-------- Dataset entries --------
(* Let $\Gamma$ be a finitely presented group acting by algebraic automorphisms on a reduced irreducible complex affine algebraic variety $M$. Then at least one of the following holds: (1) there exists a nonconstant $\Gamma$-invariant meromorphic (rational) function on $M$; or (2) there exists a point $x\in M$ such that the orbit $\Gamma x$ is Zariski dense in $M$. *)

theory Defs
  imports Complex_Main "HOL-Algebra.Group" "HOL-Algebra.Generated_Groups"
begin

inductive_set poly_funs :: "(('n::finite \<Rightarrow> complex) \<Rightarrow> complex) set" where
  pf_const: "(\<lambda>x. c) \<in> poly_funs"
| pf_var: "(\<lambda>x. x i) \<in> poly_funs"
| pf_add: "f \<in> poly_funs \<Longrightarrow> g \<in> poly_funs \<Longrightarrow> (\<lambda>x. f x + g x) \<in> poly_funs"
| pf_mult: "f \<in> poly_funs \<Longrightarrow> g \<in> poly_funs \<Longrightarrow> (\<lambda>x. f x * g x) \<in> poly_funs"

definition zariski_closed :: "('n::finite \<Rightarrow> complex) set \<Rightarrow> bool" where
  "zariski_closed A \<longleftrightarrow> (\<exists>F. F \<subseteq> poly_funs \<and> A = {x. \<forall>f\<in>F. f x = 0})"

definition irreducible_affine_variety :: "('n::finite \<Rightarrow> complex) set \<Rightarrow> bool" where
  "irreducible_affine_variety M \<longleftrightarrow> zariski_closed M \<and> M \<noteq> {} \<and>
     (\<forall>A B. zariski_closed A \<and> zariski_closed B \<and> M \<subseteq> A \<union> B \<longrightarrow> M \<subseteq> A \<or> M \<subseteq> B)"

definition regular_map ::
  "('n::finite \<Rightarrow> complex) set \<Rightarrow> ('n \<Rightarrow> complex) set \<Rightarrow> (('n \<Rightarrow> complex) \<Rightarrow> ('n \<Rightarrow> complex)) \<Rightarrow> bool" where
  "regular_map M N \<phi> \<longleftrightarrow> (\<forall>x\<in>M. \<phi> x \<in> N) \<and>
     (\<exists>p. (\<forall>i. p i \<in> poly_funs) \<and> (\<forall>x\<in>M. \<forall>i. \<phi> x i = p i x))"

definition algebraic_automorphism ::
  "('n::finite \<Rightarrow> complex) set \<Rightarrow> (('n \<Rightarrow> complex) \<Rightarrow> ('n \<Rightarrow> complex)) \<Rightarrow> bool" where
  "algebraic_automorphism M \<phi> \<longleftrightarrow> regular_map M M \<phi> \<and>
     (\<exists>\<psi>. regular_map M M \<psi> \<and> (\<forall>x\<in>M. \<psi> (\<phi> x) = x \<and> \<phi> (\<psi> x) = x))"

definition zariski_dense_in :: "('n::finite \<Rightarrow> complex) set \<Rightarrow> ('n \<Rightarrow> complex) set \<Rightarrow> bool" where
  "zariski_dense_in S M \<longleftrightarrow> S \<subseteq> M \<and> (\<forall>A. zariski_closed A \<and> S \<subseteq> A \<longrightarrow> M \<subseteq> A)"

text \<open>Rational functions on M: quotients f/g of polynomial functions with g not identically
  zero on M; f1/g1 = f2/g2 iff f1 g2 = f2 g1 on M (M irreducible, so this is the function field).\<close>
definition rational_fun_rep :: "('n::finite \<Rightarrow> complex) set \<Rightarrow> (('n \<Rightarrow> complex) \<Rightarrow> complex) \<Rightarrow> (('n \<Rightarrow> complex) \<Rightarrow> complex) \<Rightarrow> bool" where
  "rational_fun_rep M f g \<longleftrightarrow> f \<in> poly_funs \<and> g \<in> poly_funs \<and> (\<exists>x\<in>M. g x \<noteq> 0)"

definition rat_eq :: "('n::finite \<Rightarrow> complex) set \<Rightarrow> (('n \<Rightarrow> complex) \<Rightarrow> complex) \<Rightarrow> (('n \<Rightarrow> complex) \<Rightarrow> complex)
     \<Rightarrow> (('n \<Rightarrow> complex) \<Rightarrow> complex) \<Rightarrow> (('n \<Rightarrow> complex) \<Rightarrow> complex) \<Rightarrow> bool" where
  "rat_eq M f1 g1 f2 g2 \<longleftrightarrow> (\<forall>x\<in>M. f1 x * g2 x = f2 x * g1 x)"

text \<open>Words over generators: letters (b, s), b = True meaning s, b = False meaning s^-1.\<close>

fun eval_word :: "('g, 'z) monoid_scheme \<Rightarrow> (bool \<times> 'g) list \<Rightarrow> 'g" where
  "eval_word G [] = \<one>\<^bsub>G\<^esub>"
| "eval_word G ((b, s) # w) = (if b then s else inv\<^bsub>G\<^esub> s) \<otimes>\<^bsub>G\<^esub> eval_word G w"

definition word_inv :: "(bool \<times> 'g) list \<Rightarrow> (bool \<times> 'g) list" where
  "word_inv w = rev (map (\<lambda>(b, s). (\<not> b, s)) w)"

text \<open>Words over S representing elements of the normal closure of R in the free group on S.\<close>
inductive_set rel_consequences :: "'g set \<Rightarrow> (bool \<times> 'g) list set \<Rightarrow> (bool \<times> 'g) list set"
  for S R where
  rc_nil: "[] \<in> rel_consequences S R"
| rc_rel: "r \<in> R \<Longrightarrow> r \<in> rel_consequences S R"
| rc_app: "u \<in> rel_consequences S R \<Longrightarrow> v \<in> rel_consequences S R \<Longrightarrow> u @ v \<in> rel_consequences S R"
| rc_inv: "w \<in> rel_consequences S R \<Longrightarrow> word_inv w \<in> rel_consequences S R"
| rc_conj: "w \<in> rel_consequences S R \<Longrightarrow> set x \<subseteq> UNIV \<times> S \<Longrightarrow>
            x @ w @ word_inv x \<in> rel_consequences S R"
| rc_ins: "u @ v \<in> rel_consequences S R \<Longrightarrow> s \<in> S \<Longrightarrow>
            u @ [(b, s), (\<not> b, s)] @ v \<in> rel_consequences S R"
| rc_del: "u @ [(b, s), (\<not> b, s)] @ v \<in> rel_consequences S R \<Longrightarrow> u @ v \<in> rel_consequences S R"

definition finitely_presented :: "('g, 'z) monoid_scheme \<Rightarrow> bool" where
  "finitely_presented G \<longleftrightarrow> group G \<and>
     (\<exists>S R. finite S \<and> S \<subseteq> carrier G \<and> generate G S = carrier G \<and> finite R \<and>
        (\<forall>r\<in>R. set r \<subseteq> UNIV \<times> S \<and> eval_word G r = \<one>\<^bsub>G\<^esub>) \<and>
        (\<forall>w. set w \<subseteq> UNIV \<times> S \<and> eval_word G w = \<one>\<^bsub>G\<^esub> \<longrightarrow> w \<in> rel_consequences S R))"

definition algebraic_action ::
  "('g, 'z) monoid_scheme \<Rightarrow> ('n::finite \<Rightarrow> complex) set \<Rightarrow> ('g \<Rightarrow> ('n \<Rightarrow> complex) \<Rightarrow> ('n \<Rightarrow> complex)) \<Rightarrow> bool" where
  "algebraic_action G M \<phi> \<longleftrightarrow>
     (\<forall>g\<in>carrier G. algebraic_automorphism M (\<phi> g)) \<and>
     (\<forall>x\<in>M. \<phi> \<one>\<^bsub>G\<^esub> x = x) \<and>
     (\<forall>g\<in>carrier G. \<forall>h\<in>carrier G. \<forall>x\<in>M. \<phi> (g \<otimes>\<^bsub>G\<^esub> h) x = \<phi> g (\<phi> h x))"

definition orbit_of :: "('g, 'z) monoid_scheme \<Rightarrow> ('g \<Rightarrow> 'p \<Rightarrow> 'p) \<Rightarrow> 'p \<Rightarrow> 'p set" where
  "orbit_of G \<phi> x = (\<lambda>g. \<phi> g x) ` carrier G"

end

theory Submission
  imports Defs "Jordan_Normal_Form.Determinant" "HOL-Analysis.Continuum_Not_Denumerable"
    "HOL-Computational_Algebra.Fundamental_Theorem_Algebra"
begin

(* Let V_d be the span of the monomials x^\<alpha> with all exponents \<alpha>_i \<le> d. For X \<subseteq> M, the
   size of the largest nonsingular minor of the evaluation matrix (y^\<alpha>), with \<alpha> as above
   and y \<in> X, is the dimension of the restriction of V_d to X.

   If for some d every orbit has smaller rank than M, pick an orbit of maximal rank r and an
   r \<times> r nonsingular minor at orbit points g_1 x_0, ..., g_r x_0. Wherever the same minor
   at g_1 x, ..., g_r x is nonsingular, Cramer's rule expresses every monomial on the orbit of x
   through the r monomials of the minor, with coefficients that are rational functions of x.
   They only depend on the orbit of x, hence are invariant, and are not all constant:
   otherwise V_d would have dimension at most r on all of M.

   Otherwise, for every d the points whose orbit has full rank contain a nonempty Zariski
   open subset of M. As \<complex> is uncountable, these countably many open sets of the
   irreducible M have a common point x (a countable form of the Nullstellensatz). An element
   of V_d vanishing on the orbit of x then vanishes on all of M, and every polynomial lies in
   some V_d. *)

section \<open>Polynomial functions\<close>

lemma poly_funs_sum:
  "(\<And>a. a \<in> A \<Longrightarrow> f a \<in> poly_funs) \<Longrightarrow> (\<lambda>x. \<Sum>a\<in>A. f a x) \<in> poly_funs"
proof (induction A rule: infinite_finite_induct)
  case (insert a A)
  then have "(\<lambda>x. f a x + (\<Sum>a\<in>A. f a x)) \<in> poly_funs"
    by (intro pf_add) (auto simp: eta_contract_eq)
  with insert show ?case by simp
qed (simp_all add: pf_const)

lemma poly_funs_prod:
  "(\<And>a. a \<in> A \<Longrightarrow> f a \<in> poly_funs) \<Longrightarrow> (\<lambda>x. \<Prod>a\<in>A. f a x) \<in> poly_funs"
proof (induction A rule: infinite_finite_induct)
  case (insert a A)
  then have "(\<lambda>x. f a x * (\<Prod>a\<in>A. f a x)) \<in> poly_funs"
    by (intro pf_mult) (auto simp: eta_contract_eq)
  with insert show ?case by simp
qed (simp_all add: pf_const)

lemma poly_funs_const_mult: "f \<in> poly_funs \<Longrightarrow> (\<lambda>x. c * f x) \<in> poly_funs"
  using pf_mult[OF pf_const] .

lemma poly_funs_diff: "f \<in> poly_funs \<Longrightarrow> g \<in> poly_funs \<Longrightarrow> (\<lambda>x. f x - g x) \<in> poly_funs"
  using pf_add[of f "\<lambda>x. (-1) * g x"] poly_funs_const_mult[of g "-1"] by simp

lemma poly_funs_power: "f \<in> poly_funs \<Longrightarrow> (\<lambda>x. f x ^ k) \<in> poly_funs"
  by (induction k) (simp_all add: pf_const pf_mult)

lemma poly_funs_comp:
  "f \<in> poly_funs \<Longrightarrow> (\<And>i. p i \<in> poly_funs) \<Longrightarrow> (\<lambda>x. f (\<lambda>i. p i x)) \<in> poly_funs"
  by (induction rule: poly_funs.induct) (auto simp: eta_contract_eq intro: poly_funs.intros)

lemma poly_funs_univariate: "(\<lambda>x. poly g (x i)) \<in> poly_funs"
  by (induction g) (simp_all add: pf_const pf_add pf_mult pf_var)

lemma poly_funs_det:
  assumes "\<And>x. A x \<in> carrier_mat n n"
    and "\<And>i j. i < n \<Longrightarrow> j < n \<Longrightarrow> (\<lambda>x. A x $$ (i, j)) \<in> poly_funs"
  shows "(\<lambda>x. det (A x)) \<in> poly_funs"
proof -
  have "(\<lambda>x. \<Sum>p\<in>{p. p permutes {0..<n}}. signof p * (\<Prod>i = 0..<n. A x $$ (i, p i))) \<in> poly_funs"
    using assms(2) permutes_in_image
    by (intro poly_funs_sum poly_funs_const_mult poly_funs_prod) fastforce
  then show ?thesis
    using det_def'[OF assms(1)] by simp
qed

lemma poly_funs_adj_mat:
  assumes A: "\<And>x. A x \<in> carrier_mat n n"
    and entries: "\<And>i j. i < n \<Longrightarrow> j < n \<Longrightarrow> (\<lambda>x. A x $$ (i, j)) \<in> poly_funs"
    and ij: "i < n" "j < n"
  shows "(\<lambda>x. adj_mat (A x) $$ (i, j)) \<in> poly_funs"
proof -
  have "(\<lambda>x. det (mat_delete (A x) j i)) \<in> poly_funs"
  proof (rule poly_funs_det)
    fix a b assume "a < n - 1" "b < n - 1"
    then show "(\<lambda>x. mat_delete (A x) j i $$ (a, b)) \<in> poly_funs"
      using entries carrier_matD[OF A] by (simp add: mat_delete_def)
  qed (use mat_delete_carrier[OF A] in auto)
  then have "(\<lambda>x. (-1) ^ (j + i) * det (mat_delete (A x) j i)) \<in> poly_funs"
    by (rule poly_funs_const_mult)
  then show ?thesis
    using carrier_matD[OF A] ij by (simp add: adj_mat_def cofactor_def)
qed

definition monomial :: "('n::finite \<Rightarrow> nat) \<Rightarrow> ('n \<Rightarrow> complex) \<Rightarrow> complex" where
  "monomial \<alpha> x = (\<Prod>i\<in>UNIV. x i ^ \<alpha> i)"

definition bounded_exponents :: "nat \<Rightarrow> ('n::finite \<Rightarrow> nat) set" where
  "bounded_exponents d = {\<alpha>. \<forall>i. \<alpha> i \<le> d}"

lemma poly_funs_monomial: "monomial \<alpha> \<in> poly_funs"
  using poly_funs_prod[OF poly_funs_power[OF pf_var]] by (simp add: monomial_def[abs_def])

lemma monomial_add: "monomial (\<lambda>i. \<alpha> i + \<beta> i) x = monomial \<alpha> x * monomial \<beta> x"
  by (simp add: monomial_def power_add prod.distrib)

lemma finite_bounded_exponents: "finite (bounded_exponents d)"
proof (rule finite_subset)
  show "bounded_exponents d \<subseteq> PiE UNIV (\<lambda>_. {..d})"
    by (auto simp: bounded_exponents_def PiE_def extensional_def)
qed (simp add: finite_PiE)
lemma det_shift_inv_kkt_pencil:
  fixes R :: "real mat"
  assumes R: "R \<in> carrier_mat m m" and S: "S \<in> carrier_mat m n" and H: "H \<in> carrier_mat n n"
    and B: "B \<in> carrier_mat n n" and L: "L \<in> carrier_mat m n" and T: "T \<in> carrier_mat m m"
    and dR: "det R \<noteq> 0" and dB: "det B \<noteq> 0" and dT: "det T \<noteq> 0"
  shows "det (map_mat complex_of_real (inv_mat (block3 R S (0\<^sub>m m m) (0\<^sub>m n m) B (0\<^sub>m n m) (0\<^sub>m m m) L T)
        * block3 R S (0\<^sub>m m m) (0\<^sub>m n m) H (0\<^sub>m n m) (0\<^sub>m m m) L T) - z \<cdot>\<^sub>m 1\<^sub>m (m + n + m))
    = (1 - z) ^ (2 * m) * det (map_mat complex_of_real (inv_mat B * H) - z \<cdot>\<^sub>m 1\<^sub>m n)"
proof -
  let ?c = "map_mat complex_of_real"
  let ?K = "block3 R S (0\<^sub>m m m) (0\<^sub>m n m) B (0\<^sub>m n m) (0\<^sub>m m m) L T"
  let ?KH = "block3 R S (0\<^sub>m m m) (0\<^sub>m n m) H (0\<^sub>m n m) (0\<^sub>m m m) L T"
  have K: "?K \<in> carrier_mat (m + n + m) (m + n + m)" and KH: "?KH \<in> carrier_mat (m + n + m) (m + n + m)"
    using assms by (auto intro!: block3_carrier)
  have dK: "det ?K = det R * det B * det T" by (rule det_block3_triangular[OF R S B L T])
  have map_zero: "?c (0\<^sub>m r c) = 0\<^sub>m r c" for r c
    by (intro eq_matI) auto
  have pencil: "det (?c ?KH - z \<cdot>\<^sub>m ?c ?K)
      = (1 - z) ^ (2 * m) * complex_of_real (det R * det T) * det (?c H - z \<cdot>\<^sub>m ?c B)"
    using assms by (simp add: map_block3[of _ m m _ n _ m _ n _ _ _ m] map_zero det_kkt_pencil[where m=m and n=n])
  have "det (?c (inv_mat ?K * ?KH) - z \<cdot>\<^sub>m 1\<^sub>m (m + n + m))
      = det (?c ?KH - z \<cdot>\<^sub>m ?c ?K) / complex_of_real (det ?K)"
    by (rule det_of_real_shift_inv_mat[OF K KH]) (simp add: dK dR dB dT)
  also have "\<dots> = (1 - z) ^ (2 * m) * complex_of_real (det R * det T) * det (?c H - z \<cdot>\<^sub>m ?c B)
      / complex_of_real (det R * det B * det T)"
    unfolding pencil dK ..
  also have "\<dots> = (1 - z) ^ (2 * m) * (det (?c H - z \<cdot>\<^sub>m ?c B) / complex_of_real (det B))"
    using dR dT by (simp add: field_simps)
  finally show ?thesis
    unfolding det_of_real_shift_inv_mat[OF B H dB] .
qed
(* Let $\mathbb{D}^n$ be the unit polydisk in $\mathbb{C}^n$, let $\mu:\mathbb{D}^n\to(0,\infty)$ be a weight, let $\psi\in H(\mathbb{D}^n)$ and let $\varphi=(\varphi_1,\dots,\varphi_n)$ be a holomorphic self-map of $\mathbb{D}^n$. Let $W_{\psi,\varphi}f=\psi\,(f\circ\varphi)$. The following are equivalent: (a) $W_{\psi,\varphi}:\mathcal{B}(\mathbb{D}^n)\to H^\infty_\mu(\mathbb{D}^n)$ is bounded; (b) $W_{\psi,\varphi}:\mathcal{B}_{0*}(\mathbb{D}^n)\to H^\infty_\mu(\mathbb{D}^n)$ is bounded; (c) $\psi\in H^\infty_\mu(\mathbb{D}^n)$ and $$\vartheta_\mu(\psi,\varphi)=\sup_{z\in\mathbb{D}^n}\tfrac12\mu(z)|\psi(z)|\sum_{j=1}^n\log\frac{1+|\varphi_j(z)|}{1-|\varphi_j(z)|}$$ is finite.
   Context: $H(\mathbb{D}^n)$ denotes holomorphic functions $\mathbb{D}^n\to\mathbb{C}$. A weight is a continuous strictly positive function $\mu$; $H^\infty_\mu(\mathbb{D}^n)=\{f\in H(\mathbb{D}^n):\|f\|_{H^\infty_\mu}=\sup_{z}\mu(z)|f(z)|<\infty\}$. The Bergman metric of $\mathbb{D}^n$ is $H_z(u,\bar v)=\sum_{j=1}^n\frac{u_j\bar v_j}{(1-|z_j|^2)^2}$. For $f\in H(\mathbb{D}^n)$, $Q_f(z)=\sup_{u\ne 0}\frac{|\sum_k \partial_k f(z)u_k|}{H_z(u,\bar u)^{1/2}}$, $\beta_f=\sup_z Q_f(z)$, $\mathcal{B}(\mathbb{D}^n)=\{f:\beta_f<\infty\}$ with norm $\|f\|_{\mathcal{B}}=|f(0)|+\beta_f$, and $\mathcal{B}_{0*}(\mathbb{D}^n)=\{f\in\mathcal{B}(\mathbb{D}^n):\lim_{z\to\partial^*\mathbb{D}^n}Q_f(z)=0\}$ with the same norm, where $\partial^*\mathbb{D}^n$ is the distinguished boundary (the torus $\{|z_1|=\dots=|z_n|=1\}$). *)

theory Defs
  imports "HOL-Analysis.Analysis"
begin

definition polydisc :: "(complex ^ 'n::finite) set" where
  "polydisc = {z. \<forall>j. norm (z $ j) < 1}"

definition torus :: "(complex ^ 'n::finite) set" where
  "torus = {z. \<forall>j. norm (z $ j) = 1}"

definition cscale :: "complex \<Rightarrow> complex ^ 'n::finite \<Rightarrow> complex ^ 'n" where
  "cscale c v = (\<chi> j. c * v $ j)"

definition holo_on :: "(complex ^ 'n::finite \<Rightarrow> complex) \<Rightarrow> (complex ^ 'n) set \<Rightarrow> bool" where
  "holo_on f S \<longleftrightarrow> (\<forall>z\<in>S. \<exists>f'. (f has_derivative f') (at z) \<and>
                                 (\<forall>v. f' (cscale \<i> v) = \<i> * f' v))"

definition holo_self_map :: "(complex ^ 'n::finite \<Rightarrow> complex ^ 'n) \<Rightarrow> bool" where
  "holo_self_map phi \<longleftrightarrow> (\<forall>j. holo_on (\<lambda>z. phi z $ j) polydisc) \<and> phi ` polydisc \<subseteq> polydisc"

definition weight :: "(complex ^ 'n::finite \<Rightarrow> real) \<Rightarrow> bool" where
  "weight mu \<longleftrightarrow> continuous_on polydisc mu \<and> (\<forall>z\<in>polydisc. mu z > 0)"

definition pderiv_c :: "(complex ^ 'n::finite \<Rightarrow> complex) \<Rightarrow> 'n \<Rightarrow> complex ^ 'n \<Rightarrow> complex" where
  "pderiv_c f k z = deriv (\<lambda>w. f (\<chi> j. if j = k then w else z $ j)) (z $ k)"

definition bergman :: "complex ^ 'n::finite \<Rightarrow> complex ^ 'n \<Rightarrow> real" where
  "bergman z u = (\<Sum>j\<in>UNIV. (norm (u $ j))\<^sup>2 / (1 - (norm (z $ j))\<^sup>2)\<^sup>2)"

definition Qf :: "(complex ^ 'n::finite \<Rightarrow> complex) \<Rightarrow> complex ^ 'n \<Rightarrow> real" where
  "Qf f z = (SUP u\<in>{u. u \<noteq> 0}. norm (\<Sum>k\<in>UNIV. pderiv_c f k z * u $ k) / sqrt (bergman z u))"
lemma matrix_forest_identity:
  fixes W :: "real^'n^'n"
  assumes nonneg: "\<forall>a b. W$a$b \<ge> 0"
  shows "(mat 1 + \<tau> *\<^sub>R laplacian W) ** Q_poly W \<tau> = sigma_poly W \<tau> *\<^sub>R mat 1"
proof -
  define N where "N = CARD('n) - forest_dim W"
  define X where "X k = sigma W k *\<^sub>R mat 1 - Qmat W k" for k
  have Q_poly_Suc: "Q_poly W \<tau> = (\<Sum>k\<le>Suc N. \<tau>^k *\<^sub>R Qmat W k)"
    using forests_beyond_max[of W "Suc N"] by (simp add: Q_poly_def N_def vec_eq_iff Qmat_entry)
  have sigma_poly_Suc: "sigma_poly W \<tau> = (\<Sum>k\<le>Suc N. sigma W k * \<tau>^k)"
    using forests_beyond_max[of W "Suc N"] by (simp add: sigma_poly_def N_def sigma_eq_sum_forests)
  have "\<tau> *\<^sub>R (laplacian W ** Q_poly W \<tau>) = (\<Sum>k\<le>N. \<tau>^Suc k *\<^sub>R X (Suc k))"
    by (simp add: Q_poly_def N_def X_def matrix_mult_sum_right matrix_scalar_ac
        scalar_matrix_assoc[symmetric] laplacian_mult_Qmat[OF nonneg] scaleR_sum_right)
  also have "\<dots> = (\<Sum>k\<le>Suc N. \<tau>^k *\<^sub>R X k)"
    by (subst sum.atMost_Suc_shift) (simp add: X_def Qmat_0 sigma_0)
  finally have "(mat 1 + \<tau> *\<^sub>R laplacian W) ** Q_poly W \<tau>
      = (\<Sum>k\<le>Suc N. \<tau>^k *\<^sub>R Qmat W k) + (\<Sum>k\<le>Suc N. \<tau>^k *\<^sub>R X k)"
    by (simp add: matrix_add_rdistrib scalar_matrix_assoc[symmetric] Q_poly_Suc)
  also have "\<dots> = (\<Sum>k\<le>Suc N. (sigma W k * \<tau>^k) *\<^sub>R mat 1)"
    unfolding sum.distrib[symmetric] by (rule sum.cong) (simp_all add: X_def scaleR_diff_right)
  also have "\<dots> = sigma_poly W \<tau> *\<^sub>R mat 1"
    by (simp only: sigma_poly_Suc scaleR_sum_left)
  finally show ?thesis .
qed

section \<open>Positivity and the limit\<close>

lemma weight_pos: "F \<subseteq> arcs W \<Longrightarrow> 0 < weight W F"
  unfolding weight_def arcs_def by (rule prod_pos) auto

lemma sigma_nonneg: "0 \<le> sigma W k"
  unfolding sigma_eq_sum_forests
  by (intro sum_nonneg) (simp add: forests_def in_forest_iff weight_pos less_imp_le)

lemma sigma_max_pos:
  fixes W :: "real^'n^'n"
  shows "0 < sigma W (CARD('n) - forest_dim W)"
proof -
  obtain F where F: "in_forest W F" "card F = CARD('n) - forest_dim W"
    by (rule exists_maximal_in_forest)
  show ?thesis unfolding sigma_eq_sum_forests
  proof (rule sum_pos2)
    show "F \<in> forests W (CARD('n) - forest_dim W)" using F by (simp add: forests_def)
    show "0 < weight W F" using F(1) by (simp add: in_forest_iff weight_pos)
  qed (auto simp: forests_def in_forest_iff weight_pos less_imp_le)
qed

lemma sigma_poly_ge_1: "0 \<le> \<tau> \<Longrightarrow> 1 \<le> sigma_poly W \<tau>"
  unfolding sigma_poly_def
  using member_le_sum[of 0 "{..CARD(_) - forest_dim W}" "\<lambda>k. sigma W k * \<tau>^k"]
  by (simp add: sigma_0 sigma_nonneg)

theorem proposition11:
  fixes W :: "real^'n^'n"
  assumes "CARD('n) > 1"
    and "\<forall>i. W$i$i = 0"
    and "\<forall>i j. W$i$j \<ge> 0"
  shows "(Jmat W \<longlongrightarrow> Jtilde W) at_top \<and>
         ((\<lambda>\<tau>::real. matrix_inv (mat 1 + \<tau> *\<^sub>R laplacian W)) \<longlongrightarrow> Jtilde W) at_top"
proof
  show J: "(Jmat W \<longlongrightarrow> Jtilde W) at_top"
    unfolding Jmat_def[abs_def] sigma_poly_def Q_poly_def Jtilde_def
    using sigma_max_pos[of W] by (intro tendsto_poly_ratio_at_top) simp
  have "Jmat W \<tau> = matrix_inv (mat 1 + \<tau> *\<^sub>R laplacian W)" if "0 \<le> \<tau>" for \<tau>
  proof (rule matrix_inv_eqI[symmetric])
    have "(mat 1 + \<tau> *\<^sub>R laplacian W) ** Jmat W \<tau>
        = inverse (sigma_poly W \<tau>) *\<^sub>R ((mat 1 + \<tau> *\<^sub>R laplacian W) ** Q_poly W \<tau>)"
      by (simp add: Jmat_def matrix_scalar_ac scalar_matrix_assoc)
    then show "(mat 1 + \<tau> *\<^sub>R laplacian W) ** Jmat W \<tau> = mat 1"
      using sigma_poly_ge_1[OF that, of W] by (simp add: matrix_forest_identity[OF assms(3)])
  qed
  then have "\<forall>\<^sub>F \<tau> in at_top. Jmat W \<tau> = matrix_inv (mat 1 + \<tau> *\<^sub>R laplacian W)"
    by (intro eventually_at_top_linorderI)
  with J show "((\<lambda>\<tau>. matrix_inv (mat 1 + \<tau> *\<^sub>R laplacian W)) \<longlongrightarrow> Jtilde W) at_top"
    by (rule Lim_transform_eventually)
qed

end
--------
[What is being asked] Among the records above, extract exactly the lines from the line with "i $$ (a, b)) \<in>" to the line with "nat) \<Rightarrow> ('n", both lines included, and leave out the rest.

[Exercise result]
    then show "(\<lambda>x. mat_delete (A x) j i $$ (a, b)) \<in> poly_funs"
      using entries carrier_matD[OF A] by (simp add: mat_delete_def)
  qed (use mat_delete_carrier[OF A] in auto)
  then have "(\<lambda>x. (-1) ^ (j + i) * det (mat_delete (A x) j i)) \<in> poly_funs"
    by (rule poly_funs_const_mult)
  then show ?thesis
    using carrier_matD[OF A] ij by (simp add: adj_mat_def cofactor_def)
qed

definition monomial :: "('n::finite \<Rightarrow> nat) \<Rightarrow> ('n \<Rightarrow> complex) \<Rightarrow> complex" where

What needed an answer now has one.